Visual representation of our reference’s features being mapped onto our pangenome.


Gene Coordinate Mapping onto Targets

Brute-Force Approach

After transferring our annotations onto our pangenome graph, we can now use those gene coordinates to transfer features onto the remaining target genomes. How do we transfer those annotations from our reference nodes onto our target nodes? Our function needs to start by traversing each target sample ID (our 2 haplotypes), each sequence ID (chr1, chr2, etc), and every annotation for that sequence ID. For each annotation, we must confirm that the node exists in our target path (if the segment ID exists in our reference, but not our target, that means our target has a variation). If the segment ID does match, calculate the features' start/end points using the features' relative start on our reference and map the location.


Brute force approach showcasing our segment matching process and gene coordinate transfer


Issues

The issue with our current approach is that we were not verifying exact gene coordinates. This would lead to some gene annotations being slightly inaccurate.

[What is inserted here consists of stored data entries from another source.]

(* For every $\delta\in\mathcal{D}^{LSL}$, Spearman's rho of the lower semilinear copula $S_\delta$ is $$\rho(S_\delta)=12\int_{[0,1]}\delta(x)\,x\,d\lambda(x)-3.$$
   Context: $\lambda$ is Lebesgue measure on $[0,1]$, $\lambda_2$ on $[0,1]^2$. Let $\mathcal{D}$ be the set of all functions $\delta:[0,1]\to[0,1]$ with $\delta(u)\le u$, $\delta(1)=1$, $\delta$ non-decreasing and 2-Lipschitz. Let $\mathcal{D}^{LSL}$ be the set of $\delta\in\mathcal{D}$ such that $x\mapsto\delta(x)/x$ is non-decreasing and $x\mapsto\delta(x)/x^2$ is non-increasing on $(0,1]$. For $\delta\in\mathcal{D}^{LSL}$, $S_\delta(x,y)=y\,\delta(x)/x$ if $y\le x$ and $x\,\delta(y)/y$ otherwise (convention $0/0:=0$); it is a copula. For a copula $C$, Spearman's rho is $\rho(C)=12\int_{[0,1]^2}C\,d\lambda_2-3$. *)

theory Defs
  imports "HOL-Analysis.Analysis"
begin

definition diag_D :: "(real \<Rightarrow> real) set" where
  "diag_D = {\<delta>. (\<forall>u\<in>{0..1}. \<delta> u \<in> {0..1} \<and> \<delta> u \<le> u) \<and> \<delta> 1 = 1
      \<and> mono_on {0..1} \<delta> \<and> lipschitz_on 2 {0..1} \<delta>}"

definition diag_D_LSL :: "(real \<Rightarrow> real) set" where
  "diag_D_LSL = {\<delta> \<in> diag_D. mono_on {0<..1} (\<lambda>x. \<delta> x / x)
      \<and> antimono_on {0<..1} (\<lambda>x. \<delta> x / x ^ 2)}"

text \<open>Lower semilinear copula; note x / 0 = 0 in Isabelle, matching 0/0 := 0.\<close>
definition S_LSL :: "(real \<Rightarrow> real) \<Rightarrow> real \<Rightarrow> real \<Rightarrow> real" where
  "S_LSL \<delta> x y = (if y \<le> x then y * (\<delta> x / x) else x * (\<delta> y / y))"

definition spearman_rho :: "(real \<Rightarrow> real \<Rightarrow> real) \<Rightarrow> real" where
  "spearman_rho C = 12 * (LINT z : {0..1} \<times> {0..1} | lborel. C (fst z) (snd z)) - 3"

end

theory Submission
  imports Defs
begin

text \<open>Writing q(t) = \<delta>(t)/t, the copula is S(x,y) = min(x,y) q(max(x,y)). Split the unit square
  along the diagonal and integrate out the smaller coordinate first: on each triangle the inner
  integral is q(t) t^2/2 = \<delta>(t) t/2, so the two halves add up to the integral of \<delta>(t) t.
  Only measurability and |\<delta>(t)| \<le> t are needed.\<close>

lemma integral_id_indicator_atLeastAtMost:
  fixes a :: real
  assumes "0 \<le> a"
  shows "(\<integral>t. t * indicator {0..a} t \<partial>lborel) = a\<^sup>2 / 2"
  using integral_power[of 0 a 1] assms by (simp add: power2_eq_square)

lemma integral_id_indicator_atLeastLessThan:
  fixes a :: real
  assumes "0 \<le> a"
  shows "(\<integral>t. t * indicator {0..<a} t \<partial>lborel) = a\<^sup>2 / 2"
proof -
  have "(\<integral>t. t * indicator {0..<a} t \<partial>lborel) = (\<integral>t. t * indicator {0..a} t \<partial>lborel)"
    using AE_lborel_singleton[of a]
    by (intro integral_cong_AE) (auto simp: indicator_def elim!: eventually_mono)
  with assms show ?thesis by (simp add: integral_id_indicator_atLeastAtMost)
qed

lemma integrable_bounded_on_unit_square:
  fixes f :: "real \<times> real \<Rightarrow> real"
  assumes "f \<in> borel_measurable (lborel \<Otimes>\<^sub>M lborel)"
    and "\<And>z. z \<in> {0..1} \<times> {0..1} \<Longrightarrow> \<bar>f z\<bar> \<le> 1"
    and "\<And>z. z \<notin> {0..1} \<times> {0..1} \<Longrightarrow> f z = 0"
  shows "integrable (lborel \<Otimes>\<^sub>M lborel) f"
  using assms
  by (intro integrableI_bounded_set[where A = "{0..1} \<times> {0..1}" and B = 1])
     (auto simp: lborel.emeasure_pair_measure_Times)

lemma integral_lower_triangle:
  fixes q :: "real \<Rightarrow> real"
  assumes q[measurable]: "q \<in> borel_measurable borel"
    and bound: "\<And>x. x \<in> {0..1} \<Longrightarrow> \<bar>q x\<bar> \<le> 1"
  defines "f \<equiv> \<lambda>x y. if 0 \<le> y \<and> y \<le> x \<and> x \<le> 1 then y * q x else 0"
  shows "integrable (lborel \<Otimes>\<^sub>M lborel) (case_prod f)"
    and "integral\<^sup>L (lborel \<Otimes>\<^sub>M lborel) (case_prod f)
           = (\<integral>x. indicator {0..1} x * (q x * x\<^sup>2 / 2) \<partial>lborel)"
proof -
  show int: "integrable (lborel \<Otimes>\<^sub>M lborel) (case_prod f)"
  proof (rule integrable_bounded_on_unit_square)
    show "case_prod f \<in> borel_measurable (lborel \<Otimes>\<^sub>M lborel)" unfolding f_def by measurable
  next
    fix z :: "real \<times> real" assume "z \<in> {0..1} \<times> {0..1}"
    then show "\<bar>case_prod f z\<bar> \<le> 1"
      using bound by (cases z) (auto simp: f_def abs_mult intro: mult_le_one)
  qed (auto simp: f_def split: if_splits)
  have inner: "(\<integral>y. f x y \<partial>lborel) = indicator {0..1} x * (q x * x\<^sup>2 / 2)" for x
  proof (cases "0 \<le> x \<and> x \<le> 1")
    case True
    have "f x = (\<lambda>y. q x * (y * indicator {0..x} y))"
      using True by (auto simp: f_def indicator_def)
    with True show ?thesis by (simp add: integral_id_indicator_atLeastAtMost)
  next
    case False
    then have "f x = (\<lambda>y. 0)" by (auto simp: f_def)
    with False show ?thesis by simp
  qed
  have "integral\<^sup>L (lborel \<Otimes>\<^sub>M lborel) (case_prod f) = (\<integral>x. (\<integral>y. f x y \<partial>lborel) \<partial>lborel)"
    by (rule lborel_pair.integral_fst[OF int, symmetric])
  then show "integral\<^sup>L (lborel \<Otimes>\<^sub>M lborel) (case_prod f)
      = (\<integral>x. indicator {0..1} x * (q x * x\<^sup>2 / 2) \<partial>lborel)"
    by (simp only: inner)
qed

lemma integral_upper_triangle:
  fixes q :: "real \<Rightarrow> real"
  assumes q[measurable]: "q \<in> borel_measurable borel"
    and bound: "\<And>y. y \<in> {0..1} \<Longrightarrow> \<bar>q y\<bar> \<le> 1"
  defines "f \<equiv> \<lambda>x y. if 0 \<le> x \<and> x < y \<and> y \<le> 1 then x * q y else 0"
  shows "integrable (lborel \<Otimes>\<^sub>M lborel) (case_prod f)"
    and "integral\<^sup>L (lborel \<Otimes>\<^sub>M lborel) (case_prod f)
           = (\<integral>y. indicator {0..1} y * (q y * y\<^sup>2 / 2) \<partial>lborel)"
proof -
  show int: "integrable (lborel \<Otimes>\<^sub>M lborel) (case_prod f)"
  proof (rule integrable_bounded_on_unit_square)
    show "case_prod f \<in> borel_measurable (lborel \<Otimes>\<^sub>M lborel)" unfolding f_def by measurable
  next
    fix z :: "real \<times> real" assume "z \<in> {0..1} \<times> {0..1}"
    then show "\<bar>case_prod f z\<bar> \<le> 1"
      using bound by (cases z) (auto simp: f_def abs_mult intro: mult_le_one)
  qed (auto simp: f_def split: if_splits)
  have inner: "(\<integral>x. f x y \<partial>lborel) = indicator {0..1} y * (q y * y\<^sup>2 / 2)" for y
  proof (cases "0 \<le> y \<and> y \<le> 1")
    case True
    have "(\<lambda>x. f x y) = (\<lambda>x. q y * (x * indicator {0..<y} x))"
      using True by (auto simp: f_def indicator_def)
    with True show ?thesis by (simp add: integral_id_indicator_atLeastLessThan)
  next
    case False
    then have "(\<lambda>x. f x y) = (\<lambda>x. 0)" by (auto simp: f_def)
    with False show ?thesis by simp
  qed
  have "integral\<^sup>L (lborel \<Otimes>\<^sub>M lborel) (case_prod f) = (\<integral>y. (\<integral>x. f x y \<partial>lborel) \<partial>lborel)"
    by (rule lborel_pair.integral_snd[OF int, symmetric])
  then show "integral\<^sup>L (lborel \<Otimes>\<^sub>M lborel) (case_prod f)
      = (\<integral>y. indicator {0..1} y * (q y * y\<^sup>2 / 2) \<partial>lborel)"
    by (simp only: inner)
qed

lemma set_integral_S_LSL_unit_square:
  fixes \<delta> :: "real \<Rightarrow> real"
  assumes meas: "set_borel_measurable borel {0..1} \<delta>"
    and bound: "\<And>u. u \<in> {0..1} \<Longrightarrow> \<bar>\<delta> u\<bar> \<le> u"
  shows "(LINT z : {0..1} \<times> {0..1} | lborel. S_LSL \<delta> (fst z) (snd z))
           = (LINT x : {0..1} | lborel. \<delta> x * x)"
proof -
  define q where "q x = indicator {0..1} x * \<delta> x / x" for x :: real
  have q_meas: "q \<in> borel_measurable borel"
    using meas unfolding q_def set_borel_measurable_def by simp
  have q_bound: "\<bar>q x\<bar> \<le> 1" if "x \<in> {0..1}" for x
    using bound[OF that] that by (auto simp: q_def abs_div divide_le_eq_1)
  define L where "L = (\<lambda>x y. if 0 \<le> y \<and> y \<le> x \<and> x \<le> 1 then y * q x else (0::real))"
  define U where "U = (\<lambda>x y. if 0 \<le> x \<and> x < y \<and> y \<le> 1 then x * q y else (0::real))"
  note L = integral_lower_triangle[OF q_meas q_bound, folded L_def]
  note U = integral_upper_triangle[OF q_meas q_bound, folded U_def]
  have split: "indicator ({0..1} \<times> {0..1}) z *\<^sub>R S_LSL \<delta> (fst z) (snd z)
      = case_prod L z + case_prod U z"
    for z :: "real \<times> real"
    by (cases z) (auto simp: L_def U_def q_def S_LSL_def indicator_def)
  have "(LINT z : {0..1} \<times> {0..1} | lborel. S_LSL \<delta> (fst z) (snd z))
      = integral\<^sup>L (lborel \<Otimes>\<^sub>M lborel) (case_prod L)
        + integral\<^sup>L (lborel \<Otimes>\<^sub>M lborel) (case_prod U)"
    unfolding set_lebesgue_integral_def lborel_prod[symmetric] split
    using L(1) U(1) by (rule Bochner_Integration.integral_add)
  also have "\<dots> = 2 * (\<integral>x. indicator {0..1} x * (q x * x\<^sup>2 / 2) \<partial>lborel)"
    by (simp only: L(2) U(2))
  also have "\<dots> = (LINT x : {0..1} | lborel. \<delta> x * x)"
    unfolding set_lebesgue_integral_def
    by (subst integral_mult_right_zero[symmetric], rule Bochner_Integration.integral_cong)
       (auto simp: q_def indicator_def power2_eq_square)
  finally show ?thesis .
qed

theorem mainTheorem6:
  assumes "\<delta> \<in> diag_D_LSL"
  shows "spearman_rho (S_LSL \<delta>) = 12 * (LINT x : {0..1} | lborel. \<delta> x * x) - 3"
proof -
  have D: "\<delta> \<in> diag_D" using assms by (simp add: diag_D_LSL_def)
  then have "continuous_on {0..1} \<delta>"
    by (auto simp: diag_D_def intro: lipschitz_on_continuous_on)
  then have "set_borel_measurable borel {0..1} \<delta>"
    by (simp add: set_measurable_continuous_on)
  moreover have "\<bar>\<delta> u\<bar> \<le> u" if "u \<in> {0..1}" for u
    using D that by (auto simp: diag_D_def)
  ultimately show ?thesis
    unfolding spearman_rho_def by (subst set_integral_S_LSL_unit_square) auto
qed

end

How can we improve accuracy?

Exon-Level Mapping

Since exons are the actual coding regions of a transcript, they provide a much more precise basis for coordinate mapping. Our refined approach performs coordinate transfer only when the annotation feature type is an exon. We first calculate the predicted start and end points of the feature on the target. Then, using FASTA files–a record of entire genetic sequences–of both the target and reference genomes, we add padding around the predicted sequence and align it to the corresponding reference sequence, thereby extracting the precise coordinates of the feature.

Diagram showcasing how adding padding to our predicted start/end can help extract precise coordinates


Result

After testing our tool on chromosome 20 of a target haplotype, we observed improved accuracy in gene coordinate predictions. However, the method still does not correctly map all exons from the target paths, achieving approximately 80% accuracy in gene coordinate mappings.


Pangenome Annotation Toolkit

Comparative Annotation Toolkit

Future Works

Our current goal is to modify the algorithm to recover missing exons in the target assemblies by chaining them with neighboring exons from the reference. Once we achieve 100% accuracy, the next step will be to scale the algorithm to support an arbitrary number of reference annotations while effectively handling duplicates and related cases. The diagram below illustrates two annotated genomes being mapped onto our pangenome graph. Ultimately, the algorithm should be robust enough to transfer multiple annotations across all target genome paths.